20 Minutes (Toulouse)

«Vernon Subutex» passe le crash texte

L’adaptation de l’oeuvre de Virginie Despentes est présentée ce vendredi au festival CanneSerie­s avant sa diffusion sur Canal +, lundi

- Anne Demoulin

Un événement très attendu. L’adaptation à l’écran de la trilogie de romans culte « Vernon Subutex », de Virginie Despentes, va faire l’ouverture de la 2e édition du festival CanneSerie­s (jusqu’au 10 avril, à Cannes) ce vendredi, avant sa diffusion sur Canal+, dès lundi. Cette minisérie, comme les livres, devrait parler à toute une génération. L’adaptation a été confiée à Cathy Verney, déjà à l’oeuvre dans « Fais pas ci, fais pas ça » et « Hard ». « Le roman est vraiment le portrait d’une génération oubliée, sacrifiée, qui a perdu ses idéaux », estime celle à qui Virginie Despentes a donné « carte blanche ». La minisérie, en neuf épisodes de trente minutes, reprend l’intrigue des deux premiers tomes. «On voulait cette liberté de rythme propre à la dramédie, prendre le temps de raconter une errance, la chute de Vernon », explique Cathy Verney, qui signe aussi la mise en scène.

« Ce qui est sériel dans le roman, c’est ce mec à la rue qui va aller dormir de canapé en canapé chez des potes», souligne la réalisatri­ce. La série suit donc Vernon Subutex, disquaire au chômage, en quête d’un endroit où dormir, et dresse au travers de son errance le portrait d’une génération qui a grandi devant «Les Enfants du rock» et se réveille embourgeoi­sée ou sur le carreau, vingt ans plus tard.
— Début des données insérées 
lemma word_prod_cancel_pair:
  assumes "sk k \<circ> word_prod xs = word_prod xs \<circ> t"
    and "sk l \<circ> word_prod (xs @ k # ys) = word_prod (xs @ k # ys) \<circ> t"
    and "t \<circ> t = id"
  shows "word_prod (xs @ k # ys @ l # zs) = word_prod (xs @ ys @ zs)"
proof -
  have "word_prod (xs @ k # ys @ l # zs) = word_prod zs \<circ> (sk l \<circ> word_prod (xs @ k # ys))"
    by (simp add: word_prod_append word_prod_Cons comp_assoc)
  also have "\<dots> = word_prod zs \<circ> (word_prod (xs @ k # ys) \<circ> t)"
    by (simp only: assms(2))
  also have "\<dots> = word_prod zs \<circ> word_prod ys \<circ> (sk k \<circ> word_prod xs) \<circ> t"
    by (simp add: word_prod_append word_prod_Cons comp_assoc)
  also have "\<dots> = word_prod zs \<circ> word_prod ys \<circ> word_prod xs \<circ> (t \<circ> t)"
    by (simp add: assms(1) comp_assoc)
  also have "\<dots> = word_prod (xs @ ys @ zs)"
    by (simp add: assms(3) word_prod_append comp_assoc)
  finally show ?thesis .
qed

lemma take_eq_take_nth_drop:
  "j < l \<Longrightarrow> l \<le> length xs \<Longrightarrow> take l xs = take j xs @ xs ! j # drop (Suc j) (take l xs)"
  using id_take_nth_drop[of j "take l xs"] by (simp add: min_def)

lemma take_nth_drop_split:
  assumes "j < l" "l < length xs"
  shows "xs = take j xs @ xs ! j # drop (Suc j) (take l xs) @ xs ! l # drop (Suc l) xs"
proof -
  define ys where "ys = drop (Suc j) (take l xs)"
  have prefix: "take l xs = take j xs @ xs ! j # ys"
    unfolding ys_def using assms by (intro take_eq_take_nth_drop) simp_all
  have "xs = take l xs @ xs ! l # drop (Suc l) xs"
    using assms by (intro id_take_nth_drop)
  also have "\<dots> = take j xs @ xs ! j # ys @ xs ! l # drop (Suc l) xs"
    by (simp add: prefix)
  finally show ?thesis
    unfolding ys_def .
qed

text \<open>The j-th letter of ks exchanges the entries that started at positions x and y.\<close>
definition swaps_at :: "nat list \<Rightarrow> nat \<Rightarrow> nat \<Rightarrow> nat \<Rightarrow> bool" where
  "swaps_at ks j x y \<longleftrightarrow> {word_prod (take j ks) x, word_prod (take j ks) y} = {ks ! j, Suc (ks ! j)}"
« Le rock, c’est vivre vite et mourir jeune. Alors comment vieillir quand on a hurlé : “Les gars, on va vivre vite, on vous emmerde tous, et on va claquer” ? C’est ça, leur mélancolie à tous », considère Philippe Rebbot, qui interprète Xavier, un des membres de la bande de Vernon Subutex. En revenant dans leur vie, « Vernon a le pouvoir de les reconnecte­r avec ce qu’ils étaient, il les rallume. Ils se souviennen­t grâce à Vernon qu’ils ont été quelque chose d’autre que ce qu’ils sont devenus », s’enthousias­me Cathy Verney. « Lui n’a pas changé. Il les regarde comme ils étaient avant », renchérit-elle.

Romain Duris, qui campe le vagabond mélomane, a été adoubé aussi bien par la romancière que par la réalisatri­ce. « Romain cristallis­e cette époque des années 1990 et cette jeunesse perdue, explique-t-elle. Depuis Le Péril jeune, on l’a vu grandir et il y a une proximité. Prendre Romain Duris, c’est déjà raconter cette époque : il est chargé de cela, il appartient à cette époque, il fait partie de cette mémoire collective. On l’aime ou on ne l’aime pas pour ça. » «Vernon Subutex est le témoin d’un moment, d’une époque », estime l’intéressé. Et de poursuivre : « C’est vrai, les personnage­s que j’ai incarnés dans Le Péril jeune ou dans la trilogie de L’Auberge espagnole sont aussi les témoins d’une réalité, d’un moment. L’Auberge espagnole décrit le moment où Erasmus explose. J’ai retrouvé cela avec “Vernon Subutex” », explique-t-il encore.

« Virginie Despentes a capté le regard désenchant­é d’une génération, mais il y a aussi quelque chose d’universel, sur la mémoire, le temps qui passe », poursuit la réalisatri­ce. « L’histoire pourrait aussi bien se dérouler dix ans plus tard à l’avènement de la musique électroniq­ue », confirme le producteur Emmanuel Daucé.

Bref, Cathy Verney signe une dramédie drôle et tendre qui, comme le roman, nous rappelle que, comme le dit la citation – tantôt attribuée à Groucho Marx, tantôt à Terry Pratchett –, «dans chaque vieux, il y a un jeune qui se demande ce qui s’est passé».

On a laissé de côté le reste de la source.